Vous l’avez parfaitement dit, l’Europe ne se réforme qu’en situation de crise. Cependant, nous pouvions nous permettre cela jusqu’au Brexit, jusqu’à l’émergence des partis extrémistes partout en Europe. Maintenant que nous voyons le danger, tous ceux qui croient dans la démocratie libérale et dans la nécessité de garder un système démocratique comme celui que nous avons devraient se dire qu’il y a urgence à décider, à faire progresser la zone euro, à mettre en place les instruments dont nous avons parlé.

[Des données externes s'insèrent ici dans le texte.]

lemma exponent_value_less:
  assumes "m > 0"
  shows "exponent_value m i j < 3 ^ (2*m) - 1"
proof -
  let ?N = "2*m" and ?K = "3 ^ (2*m - 2) :: nat"
  let ?a = "i mod ?N" and ?b = "(i + j) mod ?N" and ?c = "antipode m (i + j)"
  have bound: "3 ^ x \<le> 3 * ?K" if "x < ?N" for x
  proof -
    have "(3::nat) ^ x \<le> 3 ^ Suc (?N - 2)" using that by (intro power_increasing) auto
    then show ?thesis by simp
  qed
  have pair: "3 ^ x + 3 ^ y \<le> 4 * ?K" if "x < ?N - 1" "y < ?N" for x y
  proof -
    have "(3::nat) ^ x \<le> ?K" using that(1) by (intro power_increasing) auto
    then show ?thesis using bound[OF that(2)] by linarith
  qed
  have "?b \<noteq> ?c" "?b < ?N" "?c < ?N" using antipode_neq[OF assms] antipode_less[OF assms] assms
    by (simp_all add: eq_commute)
  then have "?b < ?N - 1 \<or> ?c < ?N - 1" by linarith
  then have "3 ^ ?b + 3 ^ ?c \<le> 4 * ?K"
    using pair[of ?b ?c] pair[of ?c ?b] \<open>?b < ?N\<close> \<open>?c < ?N\<close> by auto
  moreover have "3 ^ ?a \<le> 3 * ?K" using bound assms by simp
  moreover have "(3::nat) ^ ?N = 9 * ?K"
  proof -
    have "?N = 2 + (?N - 2)" using assms by simp
    then have "(3::nat) ^ ?N = 3 ^ 2 * ?K" by (metis power_add)
    then show ?thesis by simp
  qed
  moreover have "?K \<ge> 1" by simp
  ultimately show ?thesis unfolding exponent_value_def by linarith
qed

lemma three_pow_cong_mod_period: "[3 ^ k = 3 ^ (k mod (2*m))] (mod modulus m)"
  by (rule cong_pow_mod_period) (simp add: modulus_def cong_iff_dvd_diff)

lemma exponent_value_less_modulus: "m > 0 \<Longrightarrow> int (exponent_value m i j) < modulus m"
proof -
  assume "m > 0"
  have "int (3 ^ (2*m) - 1) = 3 ^ (2*m) - 1" by (simp add: of_nat_diff)
  then show ?thesis
    using exponent_value_less[OF \<open>m > 0\<close>, of i j] unfolding modulus_def by linarith
qed

lemma S1j_element_mod_modulus:
  assumes "m > 0"
  shows "3 ^ i * (3 ^ j * (3 ^ m + 1) + 1) mod modulus m = int (exponent_value m i j)"
proof -
  have "3 ^ i * (3 ^ j * (3 ^ m + 1) + 1) = (3::int) ^ i + 3 ^ (i + j) + 3 ^ (i + j + m)"
    by (simp add: algebra_simps power_add)
  also have "[\<dots> = 3 ^ (i mod (2*m)) + 3 ^ ((i + j) mod (2*m)) + 3 ^ ((i + j + m) mod (2*m))]
               (mod modulus m)"
    by (intro cong_add three_pow_cong_mod_period)
  also have "3 ^ (i mod (2*m)) + 3 ^ ((i + j) mod (2*m)) + 3 ^ ((i + j + m) mod (2*m))
             = int (exponent_value m i j)"
    unfolding exponent_value_def antipode_def by simp
  finally show ?thesis
    using exponent_value_less_modulus[OF assms] unfolding cong_def by simp
qed

lemma S1j_eq_image:
  assumes "m > 0"
  shows "S1j m j = (\<lambda>i. (- int (exponent_value m i j)) mod modulus m) ` {..<2*m}"
proof -
  have "(- (3 ^ i * (3 ^ j * (3 ^ m + 1) + 1))) mod modulus m
        = (- int (exponent_value m i j)) mod modulus m" for i
    by (metis S1j_element_mod_modulus[OF assms] mod_minus_eq)
  moreover have "{i. i \<le> 2*m - 1} = {..<2*m}" using assms by auto
  ultimately show ?thesis unfolding S1j_def by (auto simp: setcompr_eq_image)
qed

lemma minus_exponent_value_mod_eq_imp_eq:
  assumes "m > 0"
    and "(- int (exponent_value m i1 j1)) mod modulus m
       = (- int (exponent_value m i2 j2)) mod modulus m"
  shows "exponent_value m i1 j1 = exponent_value m i2 j2"
  using inj_on_uminus_mod[of "modulus m"] exponent_value_less_modulus[OF assms(1)] assms(2)
  unfolding inj_on_def by fastforce

lemma card_S1j: "m > 0 \<Longrightarrow> card (S1j m j) = 2*m"
  unfolding S1j_eq_image
  by (subst card_image)
    (auto intro!: inj_onI
          dest: minus_exponent_value_mod_eq_imp_eq exponent_value_eq_imp_base_eq_and_shift_eq)

lemma S1j_antipode: "m > 0 \<Longrightarrow> S1j m (antipode m j) = S1j m j"
  unfolding S1j_eq_image exponent_value_antipode ..

lemma S1j_overlap_imp_eq_or_antipode:
  assumes "m > 0" "j1 < 2*m" "j2 < 2*m" "S1j m j1 \<inter> S1j m j2 \<noteq> {}"
  shows "j1 = j2 \<or> j1 = antipode m j2"
proof -
  obtain i1 i2 where "i1 < 2*m" "i2 < 2*m"
    and "exponent_value m i1 j1 = exponent_value m i2 j2"
    using assms(4) unfolding S1j_eq_image[OF assms(1)]
    by (auto dest: minus_exponent_value_mod_eq_imp_eq[OF assms(1)])
  then show ?thesis
    using exponent_value_eq_imp_base_eq_and_shift_eq[OF assms(1)] assms(2,3) by fastforce
qed

lemma S1j_eq_iff:
  assumes "m > 0" "j1 < 2*m" "j2 < 2*m"
  shows "S1j m j1 = S1j m j2 \<longleftrightarrow> j1 = j2 \<or> j1 = antipode m j2"
proof
  assume "S1j m j1 = S1j m j2"
  moreover have "S1j m j1 \<noteq> {}" using card_S1j[OF assms(1), of j1] assms(1) by auto
  ultimately show "j1 = j2 \<or> j1 = antipode m j2"
    using S1j_overlap_imp_eq_or_antipode[OF assms] by simp
qed (use S1j_antipode[OF assms(1)] in auto)

lemma S1_eq_UN_half: "m > 0 \<Longrightarrow> S1 m = (\<Union>j<m. S1j m j)"
proof -
  assume "m > 0"
  have "S1j m j \<subseteq> (\<Union>j<m. S1j m j)" if "j < 2*m" for j
  proof (cases "j < m")
    case False
    then have "j - m < m" "antipode m (j - m) = j" using that unfolding antipode_def by auto
    then show ?thesis using S1j_antipode[OF \<open>m > 0\<close>, of "j - m"] by auto
  qed auto
  moreover have "{0..2*m-1} = {..<2*m}" using \<open>m > 0\<close> by auto
  ultimately show ?thesis unfolding S1_def by fastforce
qed

lemma card_S1: "m > 0 \<Longrightarrow> card (S1 m) = 2 * m^2"
proof -
  assume "m > 0"
  have "card (\<Union>j<m. S1j m j) = (\<Sum>j<m. card (S1j m j))"
  proof (rule card_UN_disjoint)
    show "\<forall>j\<in>{..<m}. finite (S1j m j)" unfolding S1j_eq_image[OF \<open>m > 0\<close>] by simp
    show "\<forall>j1\<in>{..<m}. \<forall>j2\<in>{..<m}. j1 \<noteq> j2 \<longrightarrow> S1j m j1 \<inter> S1j m j2 = {}"
    proof (intro ballI impI)
      fix j1 j2 assume "j1 \<in> {..<m}" "j2 \<in> {..<m}" "j1 \<noteq> j2"
      moreover from this have "j1 \<noteq> antipode m j2" unfolding antipode_def by simp
      ultimately show "S1j m j1 \<inter> S1j m j2 = {}"
        using S1j_overlap_imp_eq_or_antipode[OF \<open>m > 0\<close>, of j1 j2] by auto
    qed
  qed simp
  then show ?thesis
    using S1_eq_UN_half card_S1j \<open>m > 0\<close> by (simp add: power2_eq_square)
qed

Je le dis très simplement : je pense qu’aujourd’hui l’organisation institutionnelle de la zone euro n’est pas satisfaisante, que tout est fait pour que l’on ne puisse pas décider.

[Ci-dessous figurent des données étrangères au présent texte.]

text \<open>Gluing: universal property. Test posets Z range over posets whose carrier lives in the
  element type of Y.\<close>
definition gluing :: "'a set \<Rightarrow> ('a \<Rightarrow> 'a \<Rightarrow> bool) \<Rightarrow> 'b set \<Rightarrow> ('b \<Rightarrow> 'b \<Rightarrow> bool)
    \<Rightarrow> ('a \<Rightarrow> 'b) \<Rightarrow> bool" where
  "gluing X le Y leY g \<longleftrightarrow> poset Y leY \<and> poset_map X le Y leY g \<and> g ` X = Y \<and>
     (\<forall>(Z::'b set) leZ h. poset Z leZ \<and> poset_map X le Z leZ h \<and> compatible X g h \<longrightarrow>
        (\<exists>\<phi>. poset_map Y leY Z leZ \<phi> \<and> (\<forall>x\<in>X. \<phi> (g x) = h x) \<and>
           (\<forall>\<psi>. poset_map Y leY Z leZ \<psi> \<and> (\<forall>x\<in>X. \<psi> (g x) = h x) \<longrightarrow>
              (\<forall>y\<in>Y. \<psi> y = \<phi> y))))"

definition gluing_along :: "'a set \<Rightarrow> ('a \<Rightarrow> 'a \<Rightarrow> bool) \<Rightarrow> 'a set \<Rightarrow> 'b set
    \<Rightarrow> ('b \<Rightarrow> 'b \<Rightarrow> bool) \<Rightarrow> ('a \<Rightarrow> 'b) \<Rightarrow> bool" where
  "gluing_along X le C Y leY g \<longleftrightarrow> gluing X le Y leY g \<and> complete_subset X le C \<and>
     (\<forall>x\<in>C. \<forall>x'\<in>C. g x = g x') \<and>
     (\<forall>x\<in>X. \<forall>x'\<in>X. x \<noteq> x' \<and> g x = g x' \<longrightarrow> x \<in> C \<and> x' \<in> C)"

end

theory Submission
  imports Defs
begin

La politique, c’est très concret. Vous qui êtes tous des élus et des responsables politiques chevronnés, vous savez que les formats et les quorums sont décisifs. Autour de la table se trouvent réunis non seulement les dix-neuf ministres des finances de la zone euro, la Commission européenne, le vice-président de la Banque centrale européenne, le représentant du mécanisme européen de stabilité, le représentant du service légal de la Commission européenne, mais aussi les États non membres de la zone euro, parce qu’il faut bien qu’ils participent à la discussion… On pourrait aussi inviter tous les États étrangers à venir assister à nos réunions pour savoir ce qui s’y passe ! Tout est fait et organisé pour que l’on ne décide pas. Ça suffit !
Je le dis avec beaucoup de gravité : il faut passer à autre chose. Il existe d’autres modèles de gouvernance qui seraient mille fois plus efficaces. Il faut être capable d’anticiper le jour où se trouveront autour de la table les dix-neuf ministres des finances et un primus inter pares ministre des finances de la zone euro qui aura la voix décisive supplémentaire pour dire : « Voilà où nous allons ! Certains ne sont pas d’accord ? Certains ont des réticences ? Ce n’est pas grave. Avançons dans cette direction, parce que c’est comme cela que nous serons tous ensemble plus forts. » Nous aurons alors franchi le cap décisif qui nous manque aujourd’hui. Monsieur le sénateur Babary, je préfère le faire dans une période calme plutôt qu’en période de crise.